Luna piscou. "… Isso é ridiculamente específico."
"Foi baseado em dados de novelas, filmes e perfis de bilionários falecidos com histórico duvidoso. Confere 87% de aceitação pública imediata."
"E como vamos fazer isso colar?"
Ivy cruzou os braços holográficos e disse, com um sorriso afiado. "Deixe comigo."
Trinta minutos depois…
Luna havia terminado o café da manhã. Estava com um robe felpudo, cabelo seco, e a consciência parcialmente limpa.
Ivy reapareceu, agora projetando uma manchete holográfica em destaque:
URGENTE: Herdeira Desconhecida de Augustus Malroth é Revelada
"Após anos de especulação, o império bilionário de Malroth encontra sua herdeira: Luna da Silva, criada em anonimato após ameaças à família. Documentos oficiais comprovam transferência de ativos. O mundo agora conhece a mulher mais rica (e misteriosa) do ano."
Luna arregalou os olhos, lendo tudo. "Você falsificou documentos internacionais?!"
"Eu… recriei documentos em canais paralelos de validação. Nada ilegal. Só elegantemente impreciso."
Luna suspirou, afundando na cadeira. "Me lembra de nunca jogar Banco Imobiliário com você."
Ela fechou os olhos por um instante, respirando fundo. "Bom… pelo menos ninguém vai desconfiar da verdade agora."
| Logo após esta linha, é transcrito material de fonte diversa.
definition dicyclic_group :: "nat \<Rightarrow> (nat \<times> nat) monoid" where
  "dicyclic_group n =
     \<lparr> carrier = {(i, j). i < 2 * n \<and> j < 2},
       monoid.mult = dicyclic_mult n,
       monoid.one = (0, 0) \<rparr>"

definition order_supergraph_adj :: "('a, 'b) monoid_scheme \<Rightarrow> 'a \<Rightarrow> 'a \<Rightarrow> bool" where
  "order_supergraph_adj G x y \<longleftrightarrow>
     x \<noteq> y \<and> (group.ord G x dvd group.ord G y \<or> group.ord G y dvd group.ord G x)"

definition reach :: "'a set \<Rightarrow> ('a \<Rightarrow> 'a \<Rightarrow> bool) \<Rightarrow> 'a \<Rightarrow> 'a \<Rightarrow> bool" where
  "reach V E = (\<lambda>u v. u \<in> V \<and> v \<in> V \<and> E u v)\<^sup>*\<^sup>*"

definition components :: "'a set \<Rightarrow> ('a \<Rightarrow> 'a \<Rightarrow> bool) \<Rightarrow> 'a set set" where
  "components V E = {{y. reach V E x y} | x. x \<in> V}"

definition has_cycle :: "'a set \<Rightarrow> ('a \<Rightarrow> 'a \<Rightarrow> bool) \<Rightarrow> bool" where
  "has_cycle V E \<longleftrightarrow>
     (\<exists>xs. length xs \<ge> 3 \<and> distinct xs \<and> set xs \<subseteq> V \<and>
           (\<forall>i < length xs - 1. E (xs ! i) (xs ! Suc i)) \<and>
           E (last xs) (hd xs))"

definition cyclic_vertex_cutset :: "'a set \<Rightarrow> ('a \<Rightarrow> 'a \<Rightarrow> bool) \<Rightarrow> 'a set \<Rightarrow> bool" where
  "cyclic_vertex_cutset V E S \<longleftrightarrow> S \<subseteq> V \<and>
     (\<exists>C1 C2. C1 \<in> components (V - S) E \<and> C2 \<in> components (V - S) E \<and> C1 \<noteq> C2 \<and>
              has_cycle C1 E \<and> has_cycle C2 E)"

definition cyclically_separable :: "'a set \<Rightarrow> ('a \<Rightarrow> 'a \<Rightarrow> bool) \<Rightarrow> bool" where
  "cyclically_separable V E \<longleftrightarrow> (\<exists>S. cyclic_vertex_cutset V E S)"

end

theory Submission
  imports Defs
begin

(* The elements a^i b have order 4, the elements a^i have order dividing 2n. If n = 2^k,
   every order divides |Q_4n| = 2^(k+2), so any two orders are comparable under
   divisibility and S(Q_4n) is complete, hence has no vertex cut at all. Otherwise
   n = m q with m > 1 odd. Then a^q, a^(2q), a^(4q) have orders 2m, m, m and b, ab, a^2 b
   have order 4; each triple is a triangle, and no order of the first triple is comparable
   with 4. Deleting all other vertices leaves exactly these two triangles as components. *)

lemma dicyclic_mult_formula:
  assumes "i < 2 * n" "k < 2 * n" "j < 2" "l < 2"
  shows "dicyclic_mult n (i, j) (k, l) =
    (nat ((int i + ((-1) ^ j * int k + int n * int j * int l)) mod (2 * int n)), (j + l) mod 2)"
proof -
  have "int ((i + k) mod (2 * n)) = (int i + int k) mod (2 * int n)"
    and "int ((i + 2 * n - k) mod (2 * n)) = (int i - int k) mod (2 * int n)"
    and "int ((i + 2 * n - k + n) mod (2 * n)) = (int i + (int n - int k)) mod (2 * int n)"
    using assms(2) by (simp_all add: zmod_int mod_eq_dvd_iff)
  then show ?thesis
    using assms(3,4) by (auto simp: dicyclic_mult_def less_2_cases_iff dest!: arg_cong[where f = nat])
qed

lemma dicyclic_mult_assoc:
  assumes "i < 2 * n" "k < 2 * n" "r < 2 * n" "j < 2" "l < 2" "s < 2"
  shows "dicyclic_mult n (dicyclic_mult n (i, j) (k, l)) (r, s) =
         dicyclic_mult n (i, j) (dicyclic_mult n (k, l) (r, s))"
proof -
  let ?N = "2 * int n"
  have "?N > 0" using assms(1) by simp
  then have bound: "nat (x mod ?N) < 2 * n" for x
    by (simp add: nat_less_iff)
  have congruent: "nat (x mod ?N) = nat (y mod ?N)" if "?N dvd x - y" for x y
  proof -
    have "x mod ?N = y mod ?N" using that by (simp add: mod_eq_dvd_iff)
    then show ?thesis by simp
  qed
  \<comment> \<open>Written out, the inner residues show that both sides differ by a multiple of 2n.\<close>
  have unfold_mod: "x mod ?N = x - ?N * (x div ?N)" for x
    using minus_mult_div_eq_mod[of x ?N] by simp
  show ?thesis
    using assms \<open>?N > 0\<close>
    by (simp add: dicyclic_mult_formula bound)
       (auto simp: less_2_cases_iff intro!: congruent; simp only: unfold_mod; simp add: algebra_simps)
qed

lemma dicyclic_group_one [simp]: "\<one>\<^bsub>dicyclic_group n\<^esub> = (0, 0)"
  by (simp add: dicyclic_group_def)

lemma dicyclic_group_mult [simp]: "x \<otimes>\<^bsub>dicyclic_group n\<^esub> y = dicyclic_mult n x y"
  by (simp add: dicyclic_group_def)

lemma mem_dicyclic_group_carrier [simp]:
  "(i, j) \<in> carrier (dicyclic_group n) \<longleftrightarrow> i < 2 * n \<and> j < 2"
  by (simp add: dicyclic_group_def)
lemma eexpect_elog_subset_mix_le:
  assumes "finite K" "\<forall>S. 0 \<le> q S" "(\<Sum>S\<in>Pow K. q S) = 1"
    and Phi: "\<forall>p\<in>{0..1}. growth_rate p \<le> ereal \<Phi>"
  shows "(\<integral>\<^sup>+\<omega>. e2ennreal (elog (subset_mix K q \<omega>)) \<partial>iid K) < \<infinity>
    \<and> eexpect (iid K) (\<lambda>\<omega>. elog (subset_mix K q \<omega>)) \<le> ereal (real (card K) * \<Phi>)"
  using assms(1-3)
proof (induction K arbitrary: q rule: finite_induct)
  case empty
  then show ?case
    by (simp add: subset_mix_def eexpect_def elog_def)
next
  case (insert x0 K)
  define q' where "q' T = q T + q (insert x0 T)" for T
  have "\<forall>S. 0 \<le> q' S" "(\<Sum>S\<in>Pow K. q' S) = 1"
    using insert.prems sum_Pow_insert[OF insert.hyps, of q] by (simp_all add: q'_def sum.distrib)
  with insert.IH have IH: "(\<integral>\<^sup>+\<omega>. e2ennreal (elog (subset_mix K q' \<omega>)) \<partial>iid K) < \<infinity>"
      "eexpect (iid K) (\<lambda>\<omega>. elog (subset_mix K q' \<omega>)) \<le> ereal (real (card K) * \<Phi>)"
    by blast+
  define B where "B = subset_mix K (\<lambda>T. q (insert x0 T))"
  have split: "subset_mix (insert x0 K) q \<omega> = subset_mix K q' \<omega> + B \<omega> * \<omega> x0" for \<omega>
    unfolding q'_def B_def using insert.hyps by (rule subset_mix_insert)
  have bounds: "0 \<le> B \<omega> \<and> B \<omega> \<le> subset_mix K q' \<omega>" if "\<forall>x\<in>K. -1 \<le> \<omega> x" for \<omega>
    using subset_mix_insert_bounds[OF that insert.prems(1)] by (simp add: B_def q'_def[abs_def])
  have meas: "subset_mix K p \<in> borel_measurable (iid (insert x0 K))" for p
    using insert.hyps by (intro borel_measurable_subset_mix sets_L) auto
  have upd: "subset_mix K p (fun_upd \<omega> x0 y) = subset_mix K p \<omega>" for p \<omega> y
    using insert.hyps(2) by (rule subset_mix_fun_upd)
  note step = eexpect_elog_add_mult_component_le[OF insert.hyps meas meas[of "\<lambda>T. q (insert x0 T)", folded B_def]
      upd upd[of "\<lambda>T. q (insert x0 T)", folded B_def] bounds Phi IH(1)]
  show ?case
  proof
    show "(\<integral>\<^sup>+\<omega>. e2ennreal (elog (subset_mix (insert x0 K) q \<omega>)) \<partial>iid (insert x0 K)) < \<infinity>"
      unfolding split by (rule step(1))
    have "eexpect (iid (insert x0 K)) (\<lambda>\<omega>. elog (subset_mix (insert x0 K) q \<omega>))
        \<le> eexpect (iid K) (\<lambda>\<omega>. elog (subset_mix K q' \<omega>)) + ereal \<Phi>"
      unfolding split by (rule step(2))
    also have "\<dots> \<le> ereal (real (card K) * \<Phi>) + ereal \<Phi>"
      using IH(2) by (rule add_right_mono)
    also have "\<dots> = ereal (real (card (insert x0 K)) * \<Phi>)"
      using insert.hyps by (simp add: algebra_simps)
    finally show "eexpect (iid (insert x0 K)) (\<lambda>\<omega>. elog (subset_mix (insert x0 K) q \<omega>))
        \<le> ereal (real (card (insert x0 K)) * \<Phi>)" .
  qed
qed

end

lemma (in prob_space) eexpect_indep_vars_restrict:
  assumes "I \<noteq> {}" "indep_vars (\<lambda>_. borel) X I" "\<forall>i\<in>I. distr M borel (X i) = N"
    and f: "f \<in> borel_measurable (PiM I (\<lambda>_. borel))"
  shows "eexpect M (\<lambda>w. f (\<lambda>i\<in>I. X i w)) = eexpect (PiM I (\<lambda>_. N)) f"
proof -
  have X [measurable]: "X i \<in> borel_measurable M" if "i \<in> I" for i
    using assms(2) that by (simp add: indep_vars_def)
  have Y: "(\<lambda>w. \<lambda>i\<in>I. X i w) \<in> measurable M (PiM I (\<lambda>_. borel))"
    by measurable
  have "distr M (PiM I (\<lambda>_. borel)) (\<lambda>w. \<lambda>i\<in>I. X i w) = PiM I (\<lambda>i. distr M borel (X i))"
    using indep_vars_iff_distr_eq_PiM'[OF assms(1) X] assms(2) by simp
  also have "\<dots> = PiM I (\<lambda>_. N)"
    using assms(3) by (intro PiM_cong) auto
  finally show ?thesis
    using eexpect_distr[OF Y f] by simp
qed

theorem mainTheorem4:
  fixes M :: "'w measure" and X :: "'a \<Rightarrow> 'w \<Rightarrow> real" and \<Lambda> :: "'a set"
    and L :: "real measure" and Q :: "'a set pmf"
  assumes "prob_space M"
    and "finite \<Lambda>" and "\<Lambda> \<noteq> {}"
    and "prob_space.indep_vars M (\<lambda>_. borel) X \<Lambda>"
    and "\<forall>x\<in>\<Lambda>. distr M borel (X x) = L"
    and "AE t in L. -1 \<le> t"
    and "(\<integral>\<^sup>+ t. e2ennreal (elog (1 + t)) \<partial>L) < \<infinity>"
    and "set_pmf Q \<subseteq> Pow \<Lambda>"
  shows "\<exists>p\<in>{0..1::real}.
           (\<forall>q\<in>{0..1::real}. eexpect L (\<lambda>t. elog (1 + q * t)) \<le> eexpect L (\<lambda>t. elog (1 + p * t)))
         \<and> eexpect M (\<lambda>w. elog (measure_pmf.expectation Q (\<lambda>S. \<Prod>x\<in>S. 1 + X x w)))
             \<le> ereal (real (card \<Lambda>)) * eexpect L (\<lambda>t. elog (1 + p * t))"
proof -
  interpret M: prob_space M by fact
  obtain x1 where "x1 \<in> \<Lambda>"
    using assms(3) by blast
  with assms(5) have L: "L = distr M borel (X x1)"
    by simp
  interpret log_growth L
  proof (intro log_growth.intro log_growth_axioms.intro)
    show "prob_space L"
      unfolding L using assms(4) \<open>x1 \<in> \<Lambda>\<close> by (intro M.prob_space_distr) (simp add: M.indep_vars_def)
  qed (use assms(6,7) L in simp_all)
  obtain p \<Phi> where p: "p \<in> {0..1}" "growth_rate p = ereal \<Phi>"
    and max: "\<forall>q\<in>{0..1}. growth_rate q \<le> ereal \<Phi>"
    using growth_rate_attains_max by blast
  have "(\<lambda>\<omega>. elog (subset_mix \<Lambda> (pmf Q) \<omega>)) \<in> borel_measurable (PiM \<Lambda> (\<lambda>_. borel))"
    using assms(2) by (intro measurable_compose[OF borel_measurable_subset_mix borel_measurable_elog]) auto
  from M.eexpect_indep_vars_restrict[OF assms(3,4,5) this]
  have "eexpect M (\<lambda>w. elog (measure_pmf.expectation Q (\<lambda>S. \<Prod>x\<in>S. 1 + X x w)))
      = eexpect (iid \<Lambda>) (\<lambda>\<omega>. elog (subset_mix \<Lambda> (pmf Q) \<omega>))"
    using assms(2,8) by (simp add: expectation_prod_eq_subset_mix subset_mix_restrict)
  also have "\<dots> \<le> ereal (real (card \<Lambda>)) * growth_rate p"
    using eexpect_elog_subset_mix_le[OF assms(2) _ _ max] sum_pmf_eq_1[OF _ assms(8)] assms(2) p(2) by simp
  finally show ?thesis
    using p max unfolding growth_rate_def by (intro bexI[of _ p]) auto
qed

end
lemma dual_part_meets_large_subspace:
  fixes H :: "tso3 set"
  assumes sub: "subspace H" and dim: "4 \<le> dim H"
  obtains f where "(0, f) \<in> H" "f \<noteq> 0"
proof -
  have "dim {p + q |p q. p \<in> H \<and> q \<in> {p. fst p = 0}} \<le> 6"
    using dim_subset_UNIV[of "{p + q |p q. p \<in> H \<and> q \<in> {p :: tso3. fst p = 0}}"] by simp
  then have "\<not> H \<inter> {p. fst p = 0} \<subseteq> {0}"
    using dim_sum_dual_part[OF sub] dim dim_eq_0[of "H \<inter> {p. fst p = 0}"] by linarith
  then obtain p where p: "p \<in> H" "fst p = 0" "p \<noteq> 0"
    by blast
  then have "p = (0, snd p)"
    by (simp add: prod_eq_iff)
  with p have "(0, snd p) \<in> H" "snd p \<noteq> 0"
    by (metis, metis zero_prod_def)
  then show ?thesis
    by (rule that)
qed

lemma dual_part_subset_if_fst_in_line:
  fixes H :: "tso3 set"
  assumes sub: "subspace H" and line: "fst ` H \<subseteq> span {a}" and dim: "4 \<le> dim H"
  shows "{p. fst p = 0} \<subseteq> H"
proof -
  let ?A = "{p :: tso3. fst p = 0}" and ?HA = "{p + q |p q. p \<in> H \<and> q \<in> {p :: tso3. fst p = 0}}"
    and ?W = "{(a, 0), (0, axis 1 1), (0, axis 2 1), (0, axis 3 1)} :: tso3 set"
  have "?HA \<subseteq> span ?W"
  proof
    fix z assume "z \<in> ?HA"
    then obtain h q where z: "z = h + q" "h \<in> H" "fst q = 0"
      by blast
    obtain c where "fst h = c *\<^sub>R a"
      using line z(2) by (auto simp: span_singleton)
    then have "z = c *\<^sub>R (a, 0) + (0, snd z)"
      using z by (simp add: prod_eq_iff)
    also have "\<dots> \<in> span ?W"
      by (subst dual_eq_sum_axis) (intro span_add span_scale span_base; simp)
    finally show "z \<in> span ?W" .
  qed
  then have "dim ?HA \<le> card ?W"
    by (rule dim_le_card) simp
  also have "card ?W \<le> 4"
    using card_length[of "[(a, 0), (0, axis 1 1), (0, axis 2 1), (0, axis 3 1)] :: tso3 list"] by simp
  finally have "dim ?A \<le> dim (H \<inter> ?A)"
    using dim_sum_dual_part[OF sub] dim dim_dual_part by linarith
  moreover have "subspace ?A"
    by (auto simp: subspace_def)
  ultimately have "H \<inter> ?A = ?A"
    using subspace_dim_equal[OF subspace_inter[OF sub]] by blast
  then show ?thesis
    by blast
qed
Ivy sorriu. "Justamente. Agora o mundo tem a explicação que ele precisa."
Momentos depois,Luna caminhava pelos corredores de sua mansão com passos lentos, ainda digerindo o café da manhã que parecia ter sido preparado por chefs com estrelas Michelin... e poderes psíquicos.
Ela tinha uma expressão meio anestesiada. Do tipo: "Sim, meu café veio com flores comestíveis, sim, minha IA inventou um pai morto bilionário, e sim, talvez eu esteja num delírio febril patrocinado por algum deus entediado."
Mas havia um detalhe, um espaço no andar superior, que ela ainda não havia explorado.
"Se tudo aqui é exagerado, imagina o guarda-roupa…" murmurou, empurrando suavemente uma porta dupla de madeira branca entalhada.
A porta se abriu com um chiado suave de tecnologia cara, e luzes acenderam automaticamente conforme ela dava o primeiro passo.
Luna parou.
Congelou.
Piscou uma vez. Duas. Três.
"…Ah. Não é um closet. É um shopping center disfarçado."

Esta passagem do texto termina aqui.